(* For every positive integer $n$, $$\sum_{\lambda \in \mathcal{H}_n} t^{\mathrm{rep}(\lambda)} = \sum_{\lambda \in \mathcal{H}_n} t^{\mathrm{even}(\lambda)}$$ as polynomials in $t$.
   Context: A partition is a finite nonempty weakly decreasing sequence $\lambda=(\lambda_1,\ldots,\lambda_k)$ of positive integers; $\ell(\lambda)=k$ is its number of parts. The perimeter of $\lambda$ is $\Gamma(\lambda)=\lambda_1+\ell(\lambda)-1$, and $\mathcal{H}_n$ is the (finite) set of partitions with perimeter $n$. For a partition $\lambda$, $\mathrm{rep}(\lambda)=|\{1\le i\le \ell(\lambda)-1:\lambda_i=\lambda_{i+1}\}|$ and $\mathrm{even}(\lambda)=|\{1\le i\le \ell(\lambda): \lambda_i \text{ is even}\}|$. *)

theory Defs
  imports "HOL-Computational_Algebra.Polynomial"
begin

definition is_partition :: "nat list \<Rightarrow> bool" where
  "is_partition lam \<longleftrightarrow> lam \<noteq> [] \<and> sorted_wrt (\<ge>) lam \<and> (\<forall>x\<in>set lam. 0 < x)"

definition perimeter :: "nat list \<Rightarrow> nat" where
  "perimeter lam = hd lam + length lam - 1"

definition H :: "nat \<Rightarrow> nat list set" where
  "H n = {lam. is_partition lam \<and> perimeter lam = n}"

definition rep :: "nat list \<Rightarrow> nat" where
  "rep lam = card {i. i + 1 < length lam \<and> lam ! i = lam ! (i + 1)}"

definition even_parts :: "nat list \<Rightarrow> nat" where
  "even_parts lam = card {i. i < length lam \<and> even (lam ! i)}"

end

theory Submission
  imports Defs
begin

text \<open>For \<open>n \<ge> 1\<close>, every partition of perimeter \<open>n + 1\<close> arises in exactly one way from a
  partition of perimeter \<open>n\<close>: by appending a part 1 if it ends in 1, and by adding 1 to every
  part otherwise. Appending 1 adds an odd part and creates a new repetition exactly when
  the old last part was 1; adding 1 everywhere keeps all repetitions and swaps odd and even parts.
  Hence the generating functions \<open>A\<^sub>n, B\<^sub>n\<close> of \<open>rep\<close> over partitions with last part 1, resp.
  larger than 1, and the generating functions \<open>O\<^sub>n, E\<^sub>n\<close> of odd, resp. even parts satisfy the
  same linear recurrence, with \<open>(O\<^sub>n, E\<^sub>n) = (A\<^sub>n\<^sub>+\<^sub>1, B\<^sub>n\<^sub>+\<^sub>1)\<close>. Therefore
  \<open>\<Sum> t\<^bsup>rep\<^esup> = A\<^sub>n + B\<^sub>n = B\<^sub>n\<^sub>+\<^sub>1 = E\<^sub>n\<close>.\<close>

definition odd_parts :: "nat list \<Rightarrow> nat" where
  "odd_parts lam = card {i. i < length lam \<and> odd (lam ! i)}"

lemma even_parts_eq_length_filter: "even_parts xs = length (filter even xs)"
  unfolding even_parts_def by (simp add: length_filter_conv_card)

lemma odd_parts_eq_length_filter: "odd_parts xs = length (filter odd xs)"
  unfolding odd_parts_def by (simp add: length_filter_conv_card)

lemma even_parts_snoc: "even_parts (xs @ [x]) = even_parts xs + of_bool (even x)"
  by (simp add: even_parts_eq_length_filter)

lemma odd_parts_snoc: "odd_parts (xs @ [x]) = odd_parts xs + of_bool (odd x)"
  by (simp add: odd_parts_eq_length_filter)

lemma even_parts_map_Suc: "even_parts (map Suc xs) = odd_parts xs"
  by (simp add: even_parts_eq_length_filter odd_parts_eq_length_filter filter_map o_def)

lemma odd_parts_map_Suc: "odd_parts (map Suc xs) = even_parts xs"
  by (simp add: even_parts_eq_length_filter odd_parts_eq_length_filter filter_map o_def)

lemma rep_eq_length_filter_zip: "rep xs = length (filter (\<lambda>(x, y). x = y) (zip xs (tl xs)))"
  unfolding rep_def length_filter_conv_card by (rule arg_cong[where f = card]) (auto simp: nth_tl)

lemma rep_map_inj: "inj f \<Longrightarrow> rep (map f xs) = rep xs"
  unfolding rep_def by (rule arg_cong[where f = card]) (auto simp: inj_eq)

lemma rep_snoc: "xs \<noteq> [] \<Longrightarrow> rep (xs @ [x]) = rep xs + of_bool (last xs = x)"
  by (induction xs rule: induct_list012) (simp_all add: rep_eq_length_filter_zip)

lemma is_partition_last_le:
  assumes "is_partition lam" "x \<in> set lam"
  shows "last lam \<le> x"
proof -
  have split: "lam = butlast lam @ [last lam]"
    using assms(1) by (simp add: is_partition_def)
  then have "sorted_wrt (\<ge>) (butlast lam @ [last lam])"
    using assms(1) by (simp add: is_partition_def)
  then have "\<forall>y\<in>set (butlast lam). last lam \<le> y"
    by (simp add: sorted_wrt_append)
  moreover have "x \<in> set (butlast lam) \<or> x = last lam"
    using assms(2) by (subst (asm) split) auto
  ultimately show ?thesis by auto
qed

lemma is_partition_snoc_one:
  "lam \<noteq> [] \<Longrightarrow> is_partition (lam @ [1]) \<longleftrightarrow> is_partition lam"
  by (auto simp: is_partition_def sorted_wrt_append)

lemma is_partition_map_Suc: "is_partition lam \<Longrightarrow> is_partition (map Suc lam)"
  by (simp add: is_partition_def sorted_wrt_map)

lemma perimeter_snoc: "lam \<noteq> [] \<Longrightarrow> perimeter (lam @ [x]) = Suc (perimeter lam)"
  by (simp add: perimeter_def)

lemma perimeter_map_Suc: "lam \<noteq> [] \<Longrightarrow> perimeter (map Suc lam) = Suc (perimeter lam)"
  by (cases lam) (simp_all add: perimeter_def)

lemma finite_H: "finite (H n)"
proof (rule finite_subset)
  show "H n \<subseteq> {lam. set lam \<subseteq> {..n} \<and> length lam \<le> n}"
  proof
    fix lam assume "lam \<in> H n"
    then have part: "is_partition lam" and per: "hd lam + length lam - 1 = n"
      by (simp_all add: H_def perimeter_def)
    then have "0 < hd lam" "0 < length lam"
      by (simp_all add: is_partition_def)
    with per have "length lam \<le> n" "hd lam \<le> n"
      by linarith+
    moreover have "x \<le> hd lam" if "x \<in> set lam" for x
      using part that by (cases lam) (auto simp: is_partition_def)
    ultimately show "lam \<in> {lam. set lam \<subseteq> {..n} \<and> length lam \<le> n}"
      by fastforce
  qed
qed (simp add: finite_lists_length_le)

lemma Nil_notin_H: "[] \<notin> H n"
  by (simp add: H_def is_partition_def)

lemma H_one: "H 1 = {[1]}"
proof safe
  fix lam assume "lam \<in> H 1"
  then obtain x xs where "lam = x # xs" "0 < x" "x + length xs = 1"
    by (cases lam) (auto simp: H_def is_partition_def perimeter_def)
  then show "lam = [1]" by (cases xs) simp_all
qed (simp add: H_def is_partition_def perimeter_def)

lemma H_Suc_last_one:
  assumes "0 < n"
  shows "{lam \<in> H (Suc n). last lam = 1} = (\<lambda>lam. lam @ [1]) ` H n"
proof safe
  fix lam assume lam: "lam \<in> H (Suc n)" "last lam = 1"
  have part: "is_partition lam" and per: "perimeter lam = Suc n"
    using lam(1) by (simp_all add: H_def)
  from lam(1) have "lam \<noteq> []"
    by (metis Nil_notin_H)
  then have lam_eq: "lam = butlast lam @ [1]"
    using lam(2) by (metis append_butlast_last_id)
  have "butlast lam \<noteq> []"
  proof
    assume "butlast lam = []"
    with lam_eq have "lam = [1]" by simp
    with per assms show False by (simp add: perimeter_def)
  qed
  with part per lam_eq have "butlast lam \<in> H n"
    using is_partition_snoc_one[of "butlast lam"] perimeter_snoc[of "butlast lam" 1]
    by (simp add: H_def)
  with lam_eq show "lam \<in> (\<lambda>lam. lam @ [1]) ` H n" by blast
next
  fix lam assume "lam \<in> H n"
  moreover from this have "lam \<noteq> []"
    by (metis Nil_notin_H)
  ultimately show "lam @ [1] \<in> H (Suc n)"
    using is_partition_snoc_one[of lam] perimeter_snoc[of lam 1] by (simp add: H_def)
qed simp

lemma H_Suc_last_neq_one: "{lam \<in> H (Suc n). last lam \<noteq> 1} = map Suc ` H n"
proof safe
  fix lam assume lam: "lam \<in> H (Suc n)" "last lam \<noteq> 1"
  then have part: "is_partition lam" and per: "perimeter lam = Suc n"
    by (simp_all add: H_def)
  have ge2: "2 \<le> x" if "x \<in> set lam" for x
  proof -
    have "last lam \<in> set lam"
      using part by (simp add: is_partition_def)
    then have "0 < last lam"
      using part by (simp add: is_partition_def)
    with lam(2) have "2 \<le> last lam" by simp
    with is_partition_last_le[OF part that] show ?thesis by simp
  qed
  define pred_lam where "pred_lam = map (\<lambda>x. x - 1) lam"
  have lam_eq: "lam = map Suc pred_lam"
    unfolding pred_lam_def map_map using ge2 by (intro map_idI[symmetric]) fastforce
  have "is_partition pred_lam"
    using part unfolding pred_lam_def is_partition_def
    by (auto simp: sorted_wrt_map elim: sorted_wrt_mono_rel[rotated] dest: ge2)
  moreover from this have "perimeter pred_lam = n"
    using per lam_eq perimeter_map_Suc[of pred_lam] by (simp add: is_partition_def)
  ultimately show "lam \<in> map Suc ` H n"
    using lam_eq by (simp add: H_def)
next
  fix lam assume "lam \<in> H n"
  then have part: "is_partition lam" and per: "perimeter lam = n"
    by (simp_all add: H_def)
  moreover from \<open>lam \<in> H n\<close> have "lam \<noteq> []"
    by (metis Nil_notin_H)
  ultimately show "map Suc lam \<in> H (Suc n)"
    by (simp add: H_def is_partition_map_Suc perimeter_map_Suc)
  show "last (map Suc lam) = 1 \<Longrightarrow> False"
    using part \<open>lam \<noteq> []\<close> last_in_set[of lam] by (auto simp: is_partition_def last_map)
qed

lemma sum_H_split_last:
  "(\<Sum>lam\<in>H n. f lam) =
     (\<Sum>lam\<in>{lam \<in> H n. last lam = 1}. f lam) + (\<Sum>lam\<in>{lam \<in> H n. last lam \<noteq> 1}. f lam)"
  using sum.Int_Diff[OF finite_H, of f n "{lam. last lam = 1}"] by (simp add: Int_def set_diff_eq)

lemma sum_H_Suc:
  assumes "0 < n"
  shows "(\<Sum>lam\<in>H (Suc n). f lam) = (\<Sum>lam\<in>H n. f (lam @ [1])) + (\<Sum>lam\<in>H n. f (map Suc lam))"
  unfolding sum_H_split_last[where n = "Suc n"] H_Suc_last_one[OF assms] H_Suc_last_neq_one
  by (simp add: sum.reindex inj_on_def)

definition rep_gf_last_one :: "nat \<Rightarrow> int poly" where
  "rep_gf_last_one n = (\<Sum>lam\<in>{lam \<in> H n. last lam = 1}. monom 1 (rep lam))"

definition rep_gf_last_neq_one :: "nat \<Rightarrow> int poly" where
  "rep_gf_last_neq_one n = (\<Sum>lam\<in>{lam \<in> H n. last lam \<noteq> 1}. monom 1 (rep lam))"

definition odd_parts_gf :: "nat \<Rightarrow> int poly" where
  "odd_parts_gf n = (\<Sum>lam\<in>H n. monom 1 (odd_parts lam))"

definition even_parts_gf :: "nat \<Rightarrow> int poly" where
  "even_parts_gf n = (\<Sum>lam\<in>H n. monom 1 (even_parts lam))"

lemma rep_gf_last_one_Suc:
  assumes "0 < n"
  shows "rep_gf_last_one (Suc n) = monom 1 1 * rep_gf_last_one n + rep_gf_last_neq_one n"
proof -
  have "rep_gf_last_one (Suc n) = (\<Sum>lam\<in>H n. monom 1 (rep (lam @ [1])))"
    unfolding rep_gf_last_one_def H_Suc_last_one[OF assms] by (simp add: sum.reindex inj_on_def)
  also have "\<dots> = (\<Sum>lam\<in>H n. monom 1 (rep lam + of_bool (last lam = 1)))"
    by (intro sum.cong refl) (metis Nil_notin_H rep_snoc)
  also have "\<dots> = (\<Sum>lam\<in>{lam \<in> H n. last lam = 1}. monom 1 1 * monom 1 (rep lam))
      + (\<Sum>lam\<in>{lam \<in> H n. last lam \<noteq> 1}. monom 1 (rep lam))"
    by (subst sum_H_split_last) (simp add: mult_monom)
  finally show ?thesis
    by (simp add: rep_gf_last_one_def rep_gf_last_neq_one_def sum_distrib_left)
qed

lemma rep_gf_last_neq_one_Suc:
  "rep_gf_last_neq_one (Suc n) = rep_gf_last_one n + rep_gf_last_neq_one n"
proof -
  have "rep_gf_last_neq_one (Suc n) = (\<Sum>lam\<in>H n. monom 1 (rep (map Suc lam)))"
    unfolding rep_gf_last_neq_one_def H_Suc_last_neq_one by (simp add: sum.reindex inj_on_def)
  also have "\<dots> = (\<Sum>lam\<in>H n. monom 1 (rep lam))"
    by (simp add: rep_map_inj)
  finally show ?thesis
    unfolding rep_gf_last_one_def rep_gf_last_neq_one_def by (simp only: sum_H_split_last)
qed

lemma odd_parts_gf_Suc:
  "0 < n \<Longrightarrow> odd_parts_gf (Suc n) = monom 1 1 * odd_parts_gf n + even_parts_gf n"
  unfolding odd_parts_gf_def even_parts_gf_def
  by (simp add: sum_H_Suc odd_parts_snoc odd_parts_map_Suc mult_monom sum_distrib_left)

lemma even_parts_gf_Suc:
  "0 < n \<Longrightarrow> even_parts_gf (Suc n) = odd_parts_gf n + even_parts_gf n"
  unfolding odd_parts_gf_def even_parts_gf_def
  by (simp add: sum_H_Suc even_parts_snoc even_parts_map_Suc)

text \<open>Both pairs obey the recurrence \<open>(X, Y) \<mapsto> (t X + Y, X + Y)\<close>, and the base values
  \<open>(t, 1)\<close> of the parity pair are those of the repetition pair at perimeter 2.\<close>
lemma parts_gf_eq_rep_gf_Suc:
  "0 < n \<Longrightarrow> odd_parts_gf n = rep_gf_last_one (Suc n) \<and> even_parts_gf n = rep_gf_last_neq_one (Suc n)"
proof (induction n rule: nat_induct_non_zero)
  case 1
  have "rep_gf_last_one 1 = 1" "rep_gf_last_neq_one 1 = 0"
    unfolding rep_gf_last_one_def rep_gf_last_neq_one_def H_one
    by (simp_all add: rep_def Collect_conv_if)
  moreover have "odd_parts_gf 1 = monom 1 1" "even_parts_gf 1 = 1"
    unfolding odd_parts_gf_def even_parts_gf_def H_one
    by (simp_all add: odd_parts_eq_length_filter even_parts_eq_length_filter)
  ultimately show ?case
    by (simp add: rep_gf_last_one_Suc rep_gf_last_neq_one_Suc)
next
  case (Suc n)
  then show ?case
    by (simp add: odd_parts_gf_Suc even_parts_gf_Suc rep_gf_last_one_Suc rep_gf_last_neq_one_Suc)
qed

theorem theorem1p3:
  fixes n :: nat
  assumes "0 < n"
  shows "(\<Sum>lam\<in>H n. monom (1::int) (rep lam)) = (\<Sum>lam\<in>H n. monom (1::int) (even_parts lam))"
proof -
  have "(\<Sum>lam\<in>H n. monom (1::int) (rep lam)) = rep_gf_last_one n + rep_gf_last_neq_one n"
    unfolding rep_gf_last_one_def rep_gf_last_neq_one_def by (rule sum_H_split_last)
  also have "\<dots> = rep_gf_last_neq_one (Suc n)"
    by (simp add: rep_gf_last_neq_one_Suc)
  also have "\<dots> = even_parts_gf n"
    using parts_gf_eq_rep_gf_Suc[OF assms] by simp
  finally show ?thesis
    by (simp add: even_parts_gf_def)
qed

end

◆ ◆ ◆ ◆ ◆ ◆ ◆

[Exercise description]
Would you please write out, exactly and with no other lines, the stretch of the listing above from the line containing "by (simp add: H_def is_partition_def)" through the line containing "using lam(2) by"?

[Task result]
  by (simp add: H_def is_partition_def)

lemma H_one: "H 1 = {[1]}"
proof safe
  fix lam assume "lam \<in> H 1"
  then obtain x xs where "lam = x # xs" "0 < x" "x + length xs = 1"
    by (cases lam) (auto simp: H_def is_partition_def perimeter_def)
  then show "lam = [1]" by (cases xs) simp_all
qed (simp add: H_def is_partition_def perimeter_def)

lemma H_Suc_last_one:
  assumes "0 < n"
  shows "{lam \<in> H (Suc n). last lam = 1} = (\<lambda>lam. lam @ [1]) ` H n"
proof safe
  fix lam assume lam: "lam \<in> H (Suc n)" "last lam = 1"
  have part: "is_partition lam" and per: "perimeter lam = Suc n"
    using lam(1) by (simp_all add: H_def)
  from lam(1) have "lam \<noteq> []"
    by (metis Nil_notin_H)
  then have lam_eq: "lam = butlast lam @ [1]"
    using lam(2) by (metis append_butlast_last_id)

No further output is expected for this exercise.